Symptoms in IBS occur either because of abnormalities of intestinal motility or because of abnormalities of sensation - or through a combination of the two.
It is easy therefore to imagine how violent contractions or spasm of muscle surrounding the intestines can give rise to pain.
In normal people, distension of the gut will trigger nerve fibres lining the gut to transmit signals to higher centres in the brain that register pain. In IBS sufferers, it has been proved
that pain is perceived at much lower levels of distension. This is known as the 'hypersensitive gut' or in scientific terms visceral hyperalgesia. It follows that abnormal motility or
contractility of the intestines will lead to areas of distension that will react because of the hypersensitive gut and register the sensation of pain in the higher centres of the
brain
A variety of features that affect function of the central nervous system or brain have now been shown to affect, by virtue of the connections of the brain gut axis, the events described
above at the 'end organ' level.
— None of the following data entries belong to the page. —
(* Let $\mathfrak M\models S_{\overline\alpha}^\forall$ and $\mathfrak A,\mathfrak B\in K_{\overline\alpha}$ with $\mathfrak B\cap\mathfrak M=\mathfrak A$ (so $\mathfrak A$ is a common substructure of $\mathfrak M$ and $\mathfrak B$), and let $\mathfrak N=\mathfrak M\oplus_{\mathfrak A}\mathfrak B$. (1) If $\mathfrak A\le\mathfrak B$ or $\mathfrak A\le\mathfrak M$, then $\mathfrak N\models S_{\overline\alpha}^\forall$. (2) If $\mathfrak A\le\mathfrak B$, then $\mathfrak N$ preserves closures for $\mathfrak M$. (3) If $\mathfrak A\le\mathfrak M$, then $\mathfrak B\le\mathfrak N$. (4) If ($\mathfrak A\le\mathfrak B$ or $\mathfrak A\le\mathfrak M$) and $\mathfrak M$ has finite closures, then $\mathfrak N$ has finite closures.
   Context: Fix a finite relational language $L$ in which every relation symbol has arity at least $2$. $K_L$ is the class of all finite $L$-structures (including the empty one) in which every relation symbol is interpreted symmetrically and irreflexively. Fix $\overline\alpha:L\to(0,1]$, writing $\overline\alpha_E=\overline\alpha(E)$, such that it is not the case that all symbols of $L$ are binary and $\overline\alpha_E=1$ for all $E$. For $\mathfrak A\in K_L$ let $N_E(\mathfrak A)$ be the number of subsets of $A$ on which $E$ holds and $\delta(\mathfrak A)=|A|-\sum_{E}\overline\alpha_E N_E(\mathfrak A)$; subsets of a structure are identified with induced substructures. $K_{\overline\alpha}=\{\mathfrak A\in K_L:\delta(\mathfrak A')\ge0\text{ for all substructures }\mathfrak A'\subseteq\mathfrak A\}$. For $\mathfrak A\subseteq\mathfrak B$ in $K_L$, $\mathfrak A\le\mathfrak B$ means $\delta(\mathfrak A)\le\delta(\mathfrak A')$ for all $\mathfrak A\subseteq\mathfrak A'\subseteq\mathfrak B$; for finite $\mathfrak A\subseteq\mathfrak X$ with $\mathfrak X$ arbitrary, $\mathfrak A\le\mathfrak X$ means $\mathfrak A\le\mathfrak C$ for all finite $\mathfrak A\subseteq\mathfrak C\subseteq\mathfrak X$. $(\mathfrak A,\mathfrak B)$ is a minimal pair if $\mathfrak A\subseteq\mathfrak B$, $\mathfrak A\le\mathfrak C$ for all $\mathfrak A\subseteq\mathfrak C\subsetneq\mathfrak B$, but $\mathfrak A\not\le\mathfrak B$. A subset $X$ of a structure $\mathfrak Z$ is closed in $\mathfrak Z$ if for every finite $A\subseteq X$ and every minimal pair $(A,B)$ with $B\subseteq Z$, $B\subseteq X$. $S_{\overline\alpha}$ is the theory whose models are those structures in which every finite substructure lies in $K_{\overline\alpha}$ and, for all $\mathfrak A\le\mathfrak B$ in $K_{\overline\alpha}$, every embedding of $\mathfrak A$ extends to an embedding of $\mathfrak B$; $S_{\overline\alpha}^\forall$ is the set of universal sentences of $S_{\overline\alpha}$ (its models are the $L$-structures all of whose finite substructures lie in $K_{\overline\alpha}$). The free join $\mathfrak M\oplus_{\mathfrak A}\mathfrak B$ is the structure with universe $M\cup B$ whose relations are exactly $E^{\mathfrak M}\cup E^{\mathfrak B}$ for each $E\in L$. For $\mathfrak M\subseteq\mathfrak N$, $\mathfrak N$ preserves closures for $\mathfrak M$ if every $X\subseteq M$ closed in $\mathfrak M$ is closed in $\mathfrak N$. A structure has finite closures if each of its finite subsets is contained in a finite subset strong in the structure. *)

theory Defs
  imports Complex_Main
begin
lemma up_of_trunc_in_gen_lattice:
  assumes "finite J" "a \<in> PiE I A"
  shows "up_of (PiE I A) (prod_le I R) (trunc J a) \<in> gen_lattice axis_generators"
  using assms(1)
proof (induction J rule: finite_induct)
  case empty
  have "trunc {} a \<in> axis_points" by (rule trunc_in_axis_points[OF assms(2)]) simp
  then show ?case by (rule up_of_axis_point_in_gen_lattice)
next
  case (insert j J)
  have "up_of (PiE I A) (prod_le I R) (trunc (insert j J) a) =
      up_of (PiE I A) (prod_le I R) (trunc J a) \<inter> up_of (PiE I A) (prod_le I R) (trunc {j} a)"
    unfolding up_of_trunc by blast
  moreover have "trunc {j} a \<in> axis_points" by (rule trunc_in_axis_points[OF assms(2)]) simp
  ultimately show ?case
    using insert.IH up_of_axis_point_in_gen_lattice by (simp add: gen_lattice.int)
qed

lemma up_set_eq_UN_up_of_trunc:
  assumes "up_set (PiE I A) (prod_le I R) x" "determined_by (PiE I A) J x"
  shows "x = (\<Union>m\<in>trunc J ` x. up_of (PiE I A) (prod_le I R) m)"
proof
  show "x \<subseteq> (\<Union>m\<in>trunc J ` x. up_of (PiE I A) (prod_le I R) m)"
    using assms(1) trunc_le unfolding up_set_def up_of_def by blast
  show "(\<Union>m\<in>trunc J ` x. up_of (PiE I A) (prod_le I R) m) \<subseteq> x"
    using assms trunc_mem_iff unfolding up_set_def up_of_def by blast
qed

lemma finitely_determined_axis_generator:
  assumes "g \<in> axis_generators"
  shows "finitely_determined I (PiE I A) g"
proof -
  consider "g = {}" | s where "s \<in> axis_points" "g = up_of (PiE I A) (prod_le I R) s"
    using assms by blast
  then show ?thesis
  proof cases
    case 1
    then show ?thesis
      unfolding finitely_determined_def by (intro exI[of _ "{}"]) (simp add: determined_by_def)
  next
    case 2
    obtain j where "s = trunc {j} s" using axis_point_eq_trunc[OF 2(1)] by blast
    then have "g = up_of (PiE I A) (prod_le I R) (trunc {j} s)"
      using 2(2) by (metis (no_types))
    then have "determined_by (PiE I A) (I \<inter> {j}) g"
      using determined_by_up_of_trunc by blast
    then show ?thesis
      unfolding finitely_determined_def by (intro exI[of _ "I \<inter> {j}"]) auto
  qed
qed

lemma gen_lattice_iff_finitely_determined:
  assumes "up_set (PiE I A) (prod_le I R) x"
  shows "x \<in> gen_lattice axis_generators \<longleftrightarrow> finitely_determined I (PiE I A) x"
proof
  assume "x \<in> gen_lattice axis_generators"
  then show "finitely_determined I (PiE I A) x"
    using gen_lattice_finitely_determined finitely_determined_axis_generator by blast
next
  assume "finitely_determined I (PiE I A) x"
  then obtain J where J: "finite J" "determined_by (PiE I A) J x"
    unfolding finitely_determined_def by blast
  have "trunc J ` x \<subseteq> trunc J ` PiE I A"
    using assms unfolding up_set_def by blast
  then have "finite (trunc J ` x)"
    using finite_trunc_image[OF J(1)] by (rule finite_subset)
  moreover have "up_of (PiE I A) (prod_le I R) m \<in> gen_lattice axis_generators"
    if "m \<in> trunc J ` x" for m
    using that assms up_of_trunc_in_gen_lattice[OF J(1)] unfolding up_set_def by blast
  ultimately have "(\<Union>m\<in>trunc J ` x. up_of (PiE I A) (prod_le I R) m) \<in> gen_lattice axis_generators"
    by (intro gen_lattice_UN) auto
  then show "x \<in> gen_lattice axis_generators"
    using up_set_eq_UN_up_of_trunc[OF assms J(2)] by simp
qed

lemma determined_by_if_separated:
  assumes up: "(\<Union>p\<in>P. up_of (PiE I A) (prod_le I R) p) = x"
    and down: "PiE I A - (\<Union>n\<in>N. down_of (PiE I A) (prod_le I R) n) = x"
    and "J \<subseteq> I" and sep: "\<And>p n. p \<in> P \<Longrightarrow> n \<in> N \<Longrightarrow> \<exists>i\<in>J. (p i, n i) \<notin> R i"
  shows "determined_by (PiE I A) J x"
proof (rule determined_byI)
  fix a b assume ab: "a \<in> PiE I A" "b \<in> PiE I A" "\<forall>i\<in>J. a i = b i" "a \<in> x"
  show "b \<in> x"
  proof (rule ccontr)
    assume "b \<notin> x"
    obtain p where p: "p \<in> P" "prod_le I R p a" using ab(4) up unfolding up_of_def by blast
    obtain n where n: "n \<in> N" "prod_le I R b n"
      using ab(2) \<open>b \<notin> x\<close> down unfolding down_of_def by blast
    obtain i where "i \<in> J" "(p i, n i) \<notin> R i" using sep[OF p(1) n(1)] by blast
    moreover have "(p i, a i) \<in> R i" "(b i, n i) \<in> R i" "i \<in> I"
      using p(2) n(2) \<open>i \<in> J\<close> \<open>J \<subseteq> I\<close> unfolding prod_le_def by auto
    ultimately show False using ab(3) trans_component by metis
  qed
qed
lemma power_card_UNIV_finite_field:
  fixes x :: "'a::{finite,field}"
  shows "x ^ card (UNIV :: 'a set) = x"
proof (cases "x = 0")
  case False
  define G where "G = \<lparr>carrier = UNIV - {0 :: 'a}, monoid.mult = (*), one = 1 :: 'a\<rparr>"
  interpret group G
  proof (rule groupI)
    fix y assume "y \<in> carrier G"
    then show "\<exists>z\<in>carrier G. z \<otimes>\<^bsub>G\<^esub> y = \<one>\<^bsub>G\<^esub>"
      by (intro bexI[of _ "inverse y"]) (auto simp: G_def)
  qed (auto simp: G_def mult.assoc)
  have pow: "y [^]\<^bsub>G\<^esub> (i :: nat) = y ^ i" for y i
    by (induction i) (auto simp: G_def)
  have "x [^]\<^bsub>G\<^esub> Coset.order G = \<one>\<^bsub>G\<^esub>"
    by (rule pow_order_eq_1) (simp add: G_def False)
  moreover have "Coset.order G = card (UNIV :: 'a set) - 1"
    unfolding Coset.order_def G_def by (simp add: card_Diff_singleton)
  ultimately have "x ^ (card (UNIV :: 'a set) - 1) = 1"
    by (simp add: pow) (simp add: G_def)
  then have "x ^ Suc (card (UNIV :: 'a set) - 1) = x" by simp
  then show ?thesis using finite_UNIV_card_ge_0[where ?'a = 'a] by simp
qed (use finite_UNIV_card_ge_0[where ?'a = 'a] in auto)

lemma of_nat_mult_mem:
  fixes B :: "'a::ring_1 set"
  assumes "0 \<in> B" "\<And>x y. x \<in> B \<Longrightarrow> y \<in> B \<Longrightarrow> x + y \<in> B" "y \<in> B"
  shows "of_nat i * y \<in> B"
  by (induction i) (auto simp: algebra_simps assms)

lemma mem_if_of_nat_mult_mem:
  fixes B :: "'a::{finite,field} set"
  assumes "0 \<in> B" "\<And>x y. x \<in> B \<Longrightarrow> y \<in> B \<Longrightarrow> x + y \<in> B"
    and "of_nat j * x \<in> B" and "\<not> CHAR('a) dvd j"
  shows "x \<in> B"
proof -
  have "coprime j CHAR('a)"
    using prime_imp_coprime[OF prime_CHAR_finite assms(4)] by (simp add: coprime_commute)
  then obtain i where "[j * i = 1] (mod CHAR('a))"
    using cong_solve_coprime_nat by (metis One_nat_def)
  then have "(of_nat i * of_nat j :: 'a) = 1"
    by (metis mult.commute of_nat_1 of_nat_eq_iff_cong_CHAR of_nat_mult)
  then have "x = of_nat i * (of_nat j * x)" by (simp add: mult.assoc)
  also have "\<dots> \<in> B" by (rule of_nat_mult_mem[OF assms(1,2,3)])
  finally show ?thesis .
qed
lemma infdist_fst_le:
  assumes "fst ` S \<subseteq> T" "S \<noteq> {}"
  shows "infdist (fst z) T \<le> infdist z S"
proof -
  have "infdist (fst z) T \<le> dist z s" if "s \<in> S" for s
    using infdist_le[of "fst s" T "fst z"] dist_fst_le[of z s] assms(1) that by force
  then show ?thesis unfolding infdist_def[of z S] using assms(2) by (simp add: cINF_greatest)
qed

theorem theorem1:
  fixes m :: nat
    and P :: "nat \<Rightarrow> 'a::euclidean_space \<Rightarrow> 'a"
    and C :: "nat \<Rightarrow> 'a set"
    and D :: "'g::euclidean_space set"
    and L :: "'a \<Rightarrow> 'g"
    and f fu :: "nat \<Rightarrow> 'a \<Rightarrow> real"
    and \<kappa> \<gamma> \<alpha> :: real
    and lam :: "nat \<Rightarrow> real"
    and \<xi> :: "nat \<Rightarrow> 'a \<times> 'g"
  defines "G \<equiv> pseudo_grad m P f"
    and "Gu \<equiv> pseudo_grad m P fu"
    and "V \<equiv> VI_sol (pseudo_grad m P f) (feas m P C L D)"
  defines "Vu \<equiv> VI_sol (pseudo_grad m P fu) V"
    and "Ta \<equiv> T_alpha \<alpha> (T_FBF \<gamma> (opA (pseudo_grad m P f) L) (opB m P C D))"
  assumes decomp: "orth_decomp m P"
    and C: "\<forall>i\<in>{1..m}. C i \<subseteq> range (P i) \<and> C i \<noteq> {} \<and> closed (C i) \<and> convex (C i)"
    and D: "D \<noteq> {}" "closed D" "convex D"
    and L: "linear L"
    and f_convex: "\<forall>i\<in>{1..m}. \<forall>x. convex_on (range (P i)) (\<lambda>y. f i (repl (P i) x y))"
    and f_diff: "\<forall>i\<in>{1..m}. \<forall>x. \<forall>y\<in>range (P i).
                   (\<lambda>z. f i (repl (P i) x z)) differentiable (at y within range (P i))"
    and G_mono: "\<forall>x y. (G x - G y) \<bullet> (x - y) \<ge> 0"
    and G_lip: "\<kappa> > 0" "\<forall>x y. norm (G x - G y) \<le> \<kappa> * norm (x - y)"
    and V_ne: "V \<noteq> {}"
    and fu_convex: "\<forall>i\<in>{1..m}. \<forall>x. convex_on (range (P i)) (\<lambda>y. fu i (repl (P i) x y))"
    and fu_diff: "\<forall>i\<in>{1..m}. \<forall>x. \<forall>y\<in>range (P i).
                   (\<lambda>z. fu i (repl (P i) x z)) differentiable (at y within range (P i))"
    and gamma: "0 < \<gamma>" "\<gamma> < 1 / (\<kappa> + onorm L)"
    and alpha: "0 < \<alpha>" "\<alpha> < 1"
    and lam: "\<forall>n. lam n \<ge> 0" "lam \<longlonglongrightarrow> 0" "\<not> summable lam"
    and iter: "\<forall>n. \<xi> (Suc n) = Ta (\<xi> n) - lam (Suc n) *\<^sub>R (Gu (fst (Ta (\<xi> n))), 0)"
    and Gu_lip: "\<exists>K. \<forall>x y. norm (Gu x - Gu y) \<le> K * norm (x - y)"
    and Gu_mono: "\<forall>x y. (Gu x - Gu y) \<bullet> (x - y) \<ge> 0"
    and Gu_para: "\<forall>x y. (Gu x - Gu y) \<bullet> (x - y) = 0 \<longleftrightarrow> Gu x = Gu y"
    and Fix_bdd: "bounded {z. Ta z = z}"
    and xi_bdd: "bounded (range \<xi>)"
  shows "Vu \<noteq> {} \<and> (\<lambda>n. infdist (fst (\<xi> n)) Vu) \<longlonglongrightarrow> 0"
proof -
  interpret game: constrained_game m P C D L using decomp C D L by (rule constrained_game.intro)
  have splitting: "fbf_splitting (opA G L) (opB m P C D) \<gamma> (\<kappa> + onorm L)"
    using G_mono G_lip gamma by (intro game.fbf_splitting_opA_opB) auto
  interpret fbf_splitting "opA G L" "opB m P C D" \<gamma> "\<kappa> + onorm L" by (rule splitting)
  have Ta: "Ta = T_alpha \<alpha> (T_FBF \<gamma> (opA G L) (opB m P C D))" by (simp add: Ta_def G_def)
  have "bounded zeros" using Fix_bdd T_alpha_fixed_iff[of \<alpha>] alpha unfolding Ta by simp
  obtain KG where "\<And>x y. norm (Gu x - Gu y) \<le> KG * norm (x - y)" using Gu_lip by blast
  then have "continuous_on UNIV (\<lambda>z::'a \<times> 'g. (Gu (fst z), 0::'g))"
    by (intro continuous_on_lift_fst lipschitz_bound_imp_continuous_on)
  with \<open>bounded zeros\<close> interpret bilevel: fbf_bilevel "opA G L" "opB m P C D" \<gamma> "\<kappa> + onorm L" \<alpha>
      "\<lambda>z. (Gu (fst z), 0)" lam \<xi>
    using alpha lam iter xi_bdd Gu_mono Gu_para unfolding Ta
    by unfold_locales (auto simp: inner_diff_lift_fst)
  have "fst ` zeros = V"
    using game.fst_kkt_points_eq \<open>bounded zeros\<close> bilevel.zeros_nonempty
    unfolding game.zeros_opA_opB[OF splitting] V_def G_def[symmetric] by simp
  then have "fst ` bilevel.upper_sol \<subseteq> Vu"
    unfolding bilevel.upper_sol_def Vu_def Gu_def[symmetric] by (rule VI_sol_lift_fst_subset)
  then have "Vu \<noteq> {}" and le: "\<And>n. infdist (fst (\<xi> n)) Vu \<le> infdist (\<xi> n) bilevel.upper_sol"
    using bilevel.upper_sol_nonempty infdist_fst_le by blast+
  moreover have "(\<lambda>n. infdist (fst (\<xi> n)) Vu) \<longlonglongrightarrow> 0"
    by (rule Lim_null_comparison[OF _ bilevel.tendsto_infdist_upper_sol]) (simp add: le infdist_nonneg)
  ultimately show ?thesis by blast
qed

end
lemma int_scale_index_mem:
  assumes A: "is_subgrp A" and C: "is_subgrp C" and CA: "C \<subseteq> A" and a: "a \<in> A"
  shows "int_scale (int (index_in A C)) a \<in> C"
proof -
  define G where "G = (additive_group :: 'a monoid)\<lparr>carrier := A\<rparr>"
  have A': "subgroup A additive_group" and C': "subgroup C additive_group"
    using A C by (simp_all add: subgroup_additive_group_iff)
  have "group G"
    unfolding G_def by (rule addgrp.subgroup_imp_group[OF A'])
  then interpret G: comm_group G
    by (rule group.group_comm_groupI) (simp add: G_def add.commute)
  have "C \<lhd> G"
    using addgrp.subgroup_incl[OF C' A' CA] unfolding G_def[symmetric]
    by (rule G.subgroup_imp_normal)
  then interpret normal C G .
  interpret Q: group "G Mod C" by (rule factorgroup_is_group)
  have aG: "a \<in> carrier G"
    using a by (simp add: G_def)
  have "carrier (G Mod C) = cosets_in A C"
    unfolding carrier_FactGroup cosets_in_def r_coset_def by (auto simp: G_def add.commute)
  moreover have "C #>\<^bsub>G\<^esub> a \<in> carrier (G Mod C)"
    using aG by (simp add: carrier_FactGroup)
  ultimately have "(C #>\<^bsub>G\<^esub> a) [^]\<^bsub>G Mod C\<^esub> index_in A C = C"
    using Q.pow_order_eq_1 by (simp add: order_def index_in_def)
  then have "a [^]\<^bsub>G\<^esub> index_in A C \<in> C"
    using G.coset_join1 aG subgroup_axioms by (simp add: FactGroup_pow)
  then show ?thesis
    by (simp add: int_scale_def int_pow_int G_def flip: addgrp.nat_pow_consistent)
qed

lemma index_in_pos:
  assumes "is_subgrp A" "finite (cosets_in A C)"
  shows "0 < index_in A C"
  using assms is_subgrp_zero[OF assms(1)] by (auto simp: index_in_def cosets_in_def card_gt_0_iff)

section \<open>Saturation with respect to a multiplicative set of integers\<close>

definition saturation :: "nat set \<Rightarrow> 'a::ab_group_add set \<Rightarrow> 'a set" where
  "saturation D B = {x. \<exists>K\<in>D. int_scale (int K) x \<in> B}"

locale mult_closed_nats =
  fixes D :: "nat set"
  assumes one_mem: "1 \<in> D" and mult_mem: "K \<in> D \<Longrightarrow> L \<in> D \<Longrightarrow> K * L \<in> D"
begin

lemma subset_saturation: "B \<subseteq> saturation D B"
  unfolding saturation_def using one_mem by force

lemma saturation_int_scaleD:
  assumes "K \<in> D" "int_scale (int K) x \<in> saturation D B"
  shows "x \<in> saturation D B"
proof -
  obtain L where "L \<in> D" "int_scale (int L) (int_scale (int K) x) \<in> B"
    using assms(2) unfolding saturation_def by blast
  then show ?thesis
    unfolding saturation_def using assms(1) mult_mem by (force simp flip: int_scale_mult)
qed

lemma is_subgrp_saturation:
  assumes B: "is_subgrp B"
  shows "is_subgrp (saturation D B)"
  unfolding is_subgrp_def
proof (intro conjI ballI)
  show "0 \<in> saturation D B"
    using B subset_saturation is_subgrp_zero by blast
next
  fix x y assume "x \<in> saturation D B" "y \<in> saturation D B"
  then obtain K L where KL: "K \<in> D" "L \<in> D" "int_scale (int K) x \<in> B" "int_scale (int L) y \<in> B"
    unfolding saturation_def by blast
  have "int_scale (int (K * L)) (x - y)
      = int_scale (int L) (int_scale (int K) x) - int_scale (int K) (int_scale (int L) y)"
    by (simp add: int_scale_diff_right mult.commute flip: int_scale_mult)
  also have "\<dots> \<in> B"
    using KL B by (simp add: is_subgrp_diff is_subgrp_int_scale)
  finally show "x - y \<in> saturation D B"
    unfolding saturation_def using KL mult_mem by blast
qed
theorem proposition1:
  fixes E :: "'n::finite \<Rightarrow> 'n \<Rightarrow> bool"
  assumes "simple_graph E"
    and "\<exists>i j. E i j"
  shows "\<exists>x \<in> {1 / Min (spectrum (adj_matrix E)) .. 0}.
           walk_gen E x \<le> ereal (real CARD('n) *
              (1 - real (min_degree E) / Max (spectrum (laplacian E))))"
proof -
  let ?\<delta> = "real (min_degree E)" and ?\<mu> = "Max (spectrum (laplacian E))"
    and ?lmin = "Min (spectrum (adj_matrix E))"
  define x where "x = 1 / (?\<delta> - ?\<mu>)"
  define c where "c = real CARD('n) * (1 - ?\<delta> / ?\<mu>)"
  obtain i j where "E i j" using assms(2) by blast
  have "?\<delta> + 1 \<le> ?\<mu>" "?lmin \<le> -1"
    using Max_spectrum_laplacian_ge Min_spectrum_adj_matrix_le assms(1) \<open>E i j\<close> by blast+
  then have "c > 0" "x < 0" unfolding c_def x_def by (auto simp: field_simps)
  have dominated: "(ones \<bullet> v)\<^sup>2 \<le> c * (v \<bullet> v - x * (v \<bullet> (adj_matrix E *v v)))" for v
    unfolding c_def x_def using adj_matrix_dominated[OF assms(1)] \<open>?\<delta> + 1 \<le> ?\<mu>\<close> by simp
  have "0 \<le> 1 - ?lmin * x"
    using one_minus_eigenvalue_mult_nonneg[OF \<open>c > 0\<close> dominated]
      Min_spectrum_symmetric(1)[OF transpose_adj_matrix[OF assms(1)]] by blast
  then have "x \<in> {1 / ?lmin .. 0}" using \<open>?lmin \<le> -1\<close> \<open>x < 0\<close> by (simp add: divide_le_eq mult.commute)
  moreover have "walk_gen E x \<le> ereal c"
    using walk_gen_le_if_dominated[OF transpose_adj_matrix[OF assms(1)] \<open>c > 0\<close> dominated] .
  ultimately show ?thesis unfolding c_def by blast
qed

end
lemma hardy_norm_power_le_1:
  assumes "0 < p"
  shows "hardy_norm p (\<lambda>z. z ^ m) \<le> 1"
proof (cases "p = \<infinity>")
  case True
  have "ereal (norm (z ^ m)) \<le> 1" if "z \<in> ball 0 1" for z :: complex
    using that by (simp add: norm_power power_le_one)
  then show ?thesis
    using True by (simp add: hardy_norm_def SUP_le_iff)
next
  case False
  define p' where "p' = real_of_ereal p"
  have "0 < p'"
    using assms False unfolding p'_def by (cases p) auto
  have "integral_mean p' (\<lambda>z. z ^ m) r \<le> 1" if r: "0 < r" "r < 1" for r
  proof -
    have "integral {0..2*pi} (\<lambda>t. norm ((complex_of_real r * cis t) ^ m) powr p')
        = 2 * pi * (r ^ m) powr p'"
      using r by (simp add: norm_power norm_mult)
    then have "integral_mean p' (\<lambda>z. z ^ m) r = r ^ m"
      using \<open>0 < p'\<close> r by (simp add: integral_mean_def powr_powr)
    also have "\<dots> \<le> 1"
      using r by (simp add: power_le_one)
    finally show ?thesis .
  qed
  then show ?thesis
    using False by (simp add: hardy_norm_def SUP_le_iff p'_def)
qed

lemma power_in_hardy_space:
  assumes "0 < p"
  shows "(\<lambda>z. z ^ m) \<in> hardy_space p"
  using hardy_norm_power_le_1[OF assms, of m]
  by (auto simp: hardy_space_def holomorphic_intros intro: le_less_trans[of _ 1])

lemma young_square_le:
  fixes x M p :: real
  assumes "0 \<le> x" and "0 < M" and "2 \<le> p"
  shows "x ^ 2 \<le> 2/p * (x powr p * M powr (2 - p)) + (1 - 2/p) * M ^ 2"
proof (cases "x = 0")
  case True
  have "0 \<le> (1 - 2/p) * M ^ 2"
    using assms by (simp add: field_simps)
  with True show ?thesis
    by simp
next
  case False
  define y where "y = x / M"
  have "0 < y"
    using False assms by (simp add: y_def)
  have "(y powr p) powr (2/p) * 1 powr (1 - 2/p) \<le> 2/p * y powr p + (1 - 2/p) * 1"
    using \<open>0 < y\<close> assms by (intro Youngs_inequality_0) (auto simp: field_simps)
  moreover have "(y powr p) powr (2/p) = y ^ 2"
    using \<open>0 < y\<close> assms by (simp add: powr_powr flip: powr_numeral)
  ultimately have "y ^ 2 * M ^ 2 \<le> (2/p * y powr p + (1 - 2/p)) * M ^ 2"
    by (intro mult_right_mono) simp_all
  moreover have "y ^ 2 * M ^ 2 = x ^ 2"
    using assms by (simp add: y_def power_divide)
  moreover have "y powr p * M ^ 2 = x powr p * M powr (2 - p)"
    using assms \<open>0 < y\<close> by (simp add: y_def powr_divide powr_diff flip: powr_numeral)
  ultimately show ?thesis
    by (simp add: algebra_simps)
qed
I.e. in the intestines.
On the one hand, this could be caused by psychological factors for example:
stress
anxiety
depression
Or, on the other hand, by psychological trauma such as:
verbal abuse
physical abuse
emotional abuse
sexual abuse
By virtue of the Brain Gut Axis interconnections, these factors can or will affect function at the 'end organ' level of the intestines. Importantly, it has been shown that IBS patients have
an increased incidence of psychological disturbance and have been exposed to more psychological trauma than the normal population. Moreover, at end organ level, a given amount of stress has
been shown to have a greater adverse effect on intestinal motility and sensation than in non-sufferers.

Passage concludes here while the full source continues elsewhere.